Going further: Uploading your dataset to S3 - Cloud

Talend Cloud Pipeline Designer Getting Started Guide

EnrichVersion
Cloud
EnrichProdName
Talend Cloud
EnrichPlatform
Talend Pipeline Designer
task
Deployment > Deploying > Executing Pipelines
Design and Development > Designing Pipelines

If you have an Amazon S3 account, you might want to go further. Once you have uploaded a file to S3, you can create a connection to this S3 bucket and retrieve the dataset from Talend Cloud Pipeline Designer.

You will then be able to reproduce the use case with the dataset hosted in Amazon S3.

Before you begin

  • Make sure your user or user group has the correct permissions to access the Amazon S3 resources.

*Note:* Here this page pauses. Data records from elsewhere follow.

(* Let $G$ be a $B_2$-EPG graph given with a representation in which every vertex is a Z-vertex, and let $X$ be a clique of $G$. For rows $a,b$ let $X_{ab}$ be the set of vertices of $X$ with index exactly $\{a,b\}$. If there are two rows $a,b$ such that neither the projection graph of $X_{ab}$ on $a$ nor the projection graph of $X_{ab}$ on $b$ is a clique, then $X$ is contained in (the vertex set of) a good graph of $G$.
   Context: A graph $G$ is a $B_k$-EPG graph if each vertex $u$ can be assigned a path $P_u$ in the planar orthogonal grid with at most $k$ bends such that $uv\in E(G)$ iff $P_u$ and $P_v$ share at least one grid edge (a representation); for $B_2$-EPG graphs one assumes w.l.o.g. every path has exactly two bends. A vertex $u$ intersects a row (column) if $P_u$ contains a grid edge of it; the index of $u$ is the set of rows it intersects. A Z-vertex intersects exactly two rows and one column. If $a$ is in the index of $u$, $P_u^a$ is the segment of row $a$ between the two points of row $a$ where $P_u$ stops or bends. Types: $\emptyset$, $\mathsf d$, $\mathsf u$. A typed interval on row $a$ is $[x\alpha, y\beta]$ with $\alpha\le\beta$ points of row $a$ and $x,y$ types; it is proper if $\alpha\neq\beta$, or $\alpha=\beta$, $x=y$ and $x\in\{\mathsf u,\mathsf d\}$. For typed intervals $t=[x\alpha,y\beta]$, $t'=[x'\alpha',y'\beta']$ on row $a$ and an endpoint $z\gamma\in\{x'\alpha',y'\beta'\}$ of $t'$, $t$ is coherent with $z\gamma$ if (i) $\gamma\in(\alpha,\beta)$ (open interval), or (ii) $z=\emptyset$ and $[\alpha,\beta]$ contains the grid edge of $[\alpha',\beta']$ incident to $\gamma$, or (iii) $z\neq\emptyset$ and $z\gamma\in\{x\alpha,y\beta\}$. $t$ contains $t'$ if $[\alpha',\beta']\subseteq[\alpha,\beta]$ and $t$ is coherent with both endpoints of $t'$. $t$ intersects $t'$ if $[\alpha,\beta]\cap[\alpha',\beta']$ contains a grid edge, or $t$ is coherent with an endpoint of $t'$, or $t'$ is coherent with an endpoint of $t$. The t-projection of $u$ on $a$ is $[x\alpha,y\beta]$ where $\alpha,\beta$ are the endpoints of $P_u^a$ and the type of an endpoint $\gamma$ is $\emptyset$ if $P_u$ ends at $\gamma$, $\mathsf d$ if $P_u$ bends downwards at $\gamma$, $\mathsf u$ if upwards. A vertex $u$ contains (intersects) a typed interval $t$ on $a$ if $a$ is in the index of $u$ and its t-projection on $a$ contains (intersects) $t$. The projection graph of a set $Y$ of vertices whose indices contain $a$ is the graph on $Y$ in which $u,v$ are adjacent iff their t-projections on $a$ intersect. A good graph of $G$ is an induced subgraph $H$ of one of the following forms: (I) there are two rows $a,b$ and proper typed intervals $t_a$ on $a$ and $t_b$ on $b$ such that $H$ is induced by all vertices $v$ that contain $t_a$, or contain $t_b$, or intersect both $t_a$ and $t_b$; (II) there are three rows $a,b,c$ and proper typed intervals $t_a,t_b,t_c$ on $a,b,c$ respectively such that $H$ is induced by all vertices $v$ that contain $t_a$, or contain $t_b$, or intersect $t_b$ and contain $t_c$. *)

theory Defs
  imports Main
begin

text \<open>Grid points are pairs (x, y) of integers; row y is the horizontal line of
  points with second coordinate y, column x the vertical line with first coordinate x.
  "Downwards" means towards smaller y.\<close>

type_synonym point = "int \<times> int"

datatype gedge = HE int int | VE int int
  (* HE x y : edge between (x,y) and (x+1,y);  VE x y : edge between (x,y) and (x,y+1) *)

definition seg_edges :: "point \<Rightarrow> point \<Rightarrow> gedge set" where
  "seg_edges p q =
     (if snd p = snd q then {HE x (snd p) | x. min (fst p) (fst q) \<le> x \<and> x < max (fst p) (fst q)}
      else if fst p = fst q then {VE (fst p) y | y. min (snd p) (snd q) \<le> y \<and> y < max (snd p) (snd q)}
      else {})"

text \<open>A path with exactly two bends, given by its list of corner points
  (start, first bend, second bend, end).\<close>

definition horiz_seg :: "point list \<Rightarrow> nat \<Rightarrow> bool" where
  "horiz_seg p i = (snd (p ! i) = snd (p ! Suc i))"

definition two_bend_path :: "point list \<Rightarrow> bool" where
  "two_bend_path p =
     (length p = 4 \<and>
      (\<forall>i<3. p ! i \<noteq> p ! Suc i \<and> (fst (p ! i) = fst (p ! Suc i) \<or> snd (p ! i) = snd (p ! Suc i))) \<and>
      (\<forall>i<2. horiz_seg p i \<longleftrightarrow> \<not> horiz_seg p (Suc i)))"

definition path_edges :: "point list \<Rightarrow> gedge set" where
  "path_edges p = (\<Union>i<3. seg_edges (p ! i) (p ! Suc i))"

definition B2_rep :: "'v set \<Rightarrow> ('v \<Rightarrow> 'v \<Rightarrow> bool) \<Rightarrow> ('v \<Rightarrow> point list) \<Rightarrow> bool" where
  "B2_rep V E P =
     ((\<forall>u\<in>V. two_bend_path (P u)) \<and>
      (\<forall>u\<in>V. \<forall>v\<in>V. u \<noteq> v \<longrightarrow> (E u v \<longleftrightarrow> path_edges (P u) \<inter> path_edges (P v) \<noteq> {})))"

definition is_clique :: "'v set \<Rightarrow> ('v \<Rightarrow> 'v \<Rightarrow> bool) \<Rightarrow> 'v set \<Rightarrow> bool" where
  "is_clique V E X = (X \<subseteq> V \<and> (\<forall>u\<in>X. \<forall>v\<in>X. u \<noteq> v \<longrightarrow> E u v))"

definition index :: "point list \<Rightarrow> int set" where
  "index p = {snd (p ! i) | i. i < 3 \<and> horiz_seg p i}"

definition columns :: "point list \<Rightarrow> int set" where
  "columns p = {fst (p ! i) | i. i < 3 \<and> \<not> horiz_seg p i}"

definition Z_vertex :: "point list \<Rightarrow> bool" where
  "Z_vertex p = (card (index p) = 2 \<and> card (columns p) = 1)"

text \<open>Types and typed intervals (x, alpha, y, beta), meaning [x alpha, y beta].\<close>

datatype etype = Emp | Dn | Up

type_synonym tint = "etype \<times> int \<times> etype \<times> int"

definition typed_interval :: "tint \<Rightarrow> bool" where
  "typed_interval t = (case t of (x, \<alpha>, y, \<beta>) \<Rightarrow> \<alpha> \<le> \<beta>)"

definition proper :: "tint \<Rightarrow> bool" where
  "proper t = (case t of (x, \<alpha>, y, \<beta>) \<Rightarrow>
      \<alpha> \<le> \<beta> \<and> (\<alpha> \<noteq> \<beta> \<or> (\<alpha> = \<beta> \<and> x = y \<and> x \<in> {Up, Dn})))"

text \<open>Coherence of t with the left (L = True) or right (L = False) endpoint of t'.
  The grid edge of [alpha', beta'] incident to the left endpoint is [alpha', alpha'+1],
  the one incident to the right endpoint is [beta'-1, beta'].\<close>

definition coherent :: "tint \<Rightarrow> tint \<Rightarrow> bool \<Rightarrow> bool" where
  "coherent t t' L = (case t of (x, \<alpha>, y, \<beta>) \<Rightarrow> case t' of (x', \<alpha>', y', \<beta>') \<Rightarrow>
      (let z = (if L then x' else y'); \<gamma> = (if L then \<alpha>' else \<beta>');
           e = (if L then \<alpha>' else \<beta>' - 1)
       in (\<alpha> < \<gamma> \<and> \<gamma> < \<beta>)
          \<or> (z = Emp \<and> \<alpha> \<le> e \<and> e + 1 \<le> \<beta>)
          \<or> (z \<noteq> Emp \<and> ((z, \<gamma>) = (x, \<alpha>) \<or> (z, \<gamma>) = (y, \<beta>)))))"

definition tcontains :: "tint \<Rightarrow> tint \<Rightarrow> bool" where
  "tcontains t t' = (case t of (x, \<alpha>, y, \<beta>) \<Rightarrow> case t' of (x', \<alpha>', y', \<beta>') \<Rightarrow>
      \<alpha> \<le> \<alpha>' \<and> \<beta>' \<le> \<beta> \<and> coherent t t' True \<and> coherent t t' False)"

definition tintersects :: "tint \<Rightarrow> tint \<Rightarrow> bool" where
  "tintersects t t' = (case t of (x, \<alpha>, y, \<beta>) \<Rightarrow> case t' of (x', \<alpha>', y', \<beta>') \<Rightarrow>
      max \<alpha> \<alpha>' < min \<beta> \<beta>'
      \<or> coherent t t' True \<or> coherent t t' False
      \<or> coherent t' t True \<or> coherent t' t False)"

definition bend_type :: "int \<Rightarrow> int \<Rightarrow> etype" where
  "bend_type a other = (if other < a then Dn else Up)"

definition mk_tint :: "etype \<Rightarrow> int \<Rightarrow> etype \<Rightarrow> int \<Rightarrow> tint" where
  "mk_tint x \<alpha> y \<beta> = (if \<alpha> \<le> \<beta> then (x, \<alpha>, y, \<beta>) else (y, \<beta>, x, \<alpha>))"

definition seg_tproj :: "point list \<Rightarrow> nat \<Rightarrow> tint" where
  "seg_tproj p i =
     (let a = snd (p ! i);
          tl = (if i = 0 then Emp else bend_type a (snd (p ! (i - 1))));
          tr = (if Suc i = 3 then Emp else bend_type a (snd (p ! (i + 2))))
      in mk_tint tl (fst (p ! i)) tr (fst (p ! Suc i)))"

definition tproj :: "point list \<Rightarrow> int \<Rightarrow> tint" where
  "tproj p a = seg_tproj p (THE i. i < 3 \<and> horiz_seg p i \<and> snd (p ! i) = a)"

definition vcontains :: "('v \<Rightarrow> point list) \<Rightarrow> 'v \<Rightarrow> int \<Rightarrow> tint \<Rightarrow> bool" where
  "vcontains P u a t = (a \<in> index (P u) \<and> tcontains (tproj (P u) a) t)"

definition vintersects :: "('v \<Rightarrow> point list) \<Rightarrow> 'v \<Rightarrow> int \<Rightarrow> tint \<Rightarrow> bool" where
  "vintersects P u a t = (a \<in> index (P u) \<and> tintersects (tproj (P u) a) t)"

definition proj_graph_clique :: "('v \<Rightarrow> point list) \<Rightarrow> int \<Rightarrow> 'v set \<Rightarrow> bool" where
  "proj_graph_clique P a Y =
     (\<forall>u\<in>Y. \<forall>v\<in>Y. u \<noteq> v \<longrightarrow> tintersects (tproj (P u) a) (tproj (P v) a))"

definition good_vertex_set :: "'v set \<Rightarrow> ('v \<Rightarrow> point list) \<Rightarrow> 'v set \<Rightarrow> bool" where
  "good_vertex_set V P S =
     ((\<exists>a b ta tb. a \<noteq> b \<and> proper ta \<and> proper tb \<and>
         S = {v \<in> V. vcontains P v a ta \<or> vcontains P v b tb \<or>
                     (vintersects P v a ta \<and> vintersects P v b tb)})
      \<or>
      (\<exists>a b c ta tb tc. distinct [a, b, c] \<and> proper ta \<and> proper tb \<and> proper tc \<and>
         S = {v \<in> V. vcontains P v a ta \<or> vcontains P v b tb \<or>
                     (vintersects P v b tb \<and> vcontains P v c tc)}))"

end

theory Submission
  imports Defs
begin

text \<open>Pick u, v in X with index {a, b} whose t-projections on row a do not intersect: their arms
  on row a are disjoint and lie in different columns. Every vertex of X meets both, which is only
  possible through row a or row b (vertical edges alone would put u and v in one column). A vertex
  of X whose index contains a but not b meets the arms of u and v on row a by overlapping them or by
  sharing their column and bend direction, so all such arms span the gap between u and v. Their
  intersection, typed by the common bend direction where arms merely touch, is a proper typed
  interval contained in all of them and meeting every arm of a vertex with index {a, b}. Doing the
  same on row b gives a good graph of the first kind containing X.\<close>

lemma length_4_conv_nth: "length p = 4 \<Longrightarrow> p = [p!0, p!1, p!2, p!3]"
  by (rule nth_equalityI) (auto simp: less_Suc_eq numeral_eq_Suc nth_Cons')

    If you do not have these permissions you can try one of the following options.
    1. (recommended) Ask the administrator who manages your Amazon account to give you/your user the correct S3 permissions.
    2. Implement your access policy yourself by following the Amazon documentation if you are allowed to do so.
    3. (not recommended) Attach the AmazonS3FullAccess policy to your group/your user through the IAM console. This allows you to read and write to S3 resources without restrictions to a specific bucket. However this is a quick fix that is not recommended by Talend.
    Note: The default error that displays when trying to access S3 resources without sufficient permissions is Bad Gateway.
  • Retrieve the financial_transactions.avro file from the Downloads tab in the left panel of this page.

Procedure

  1. Upload the financial_transactions.avro file to your Amazon S3 bucket as described in the Amazon S3 documentation.
  2. On the Home page of Talend Cloud Pipeline Designer, click Connections > ADD CONNECTION.
  3. In the panel that opens, give a name to your connection, s3 connection for example.
  4. Select your Remote Engine Gen2 in the Engine list.
    Note: If you want to use a Remote Engine Gen2, you need to create it from Talend Cloud Management Console. If it exists but does not have the AVAILABLE status that means it is up and running, you will not be able to select a Connection type in the list nor to save the new connection. The list of available connection types depend on the engine you have selected.
  5. Select S3 connection in the Connection type list.
  6. Check your connection and click ADD DATASET to point to the file that you have previously uploaded in your S3 bucket.
  7. In the Add a new dataset panel, fill in the connection information to your S3 bucket:
    1. Give a display name to your dataset, financial data on S3 for example.
    2. Add a description if needed.
    3. In the Bucket field, select or type the name of your S3 bucket.
    4. In the Path field, type in the path to the financial_transactions.avro file you have previously uploaded to your S3 bucket.
    5. In the Format list, click AUTO DETECT to automatically detect the format or select Avro in the list.
  8. Click VIEW SAMPLE to check that your data is valid and can be previewed.
  9. Click VALIDATE to save your dataset.

Results

On the Datasets page, the new dataset is added to the list and can be used to reproduce the use case you have created previously.
Before executing this pipeline, select whether you want to overwrite the existing data on S3 or merge them in the configuration tab of the destination dataset:

Once your pipeline is executed, the updated data will be visible in the file located on Amazon S3.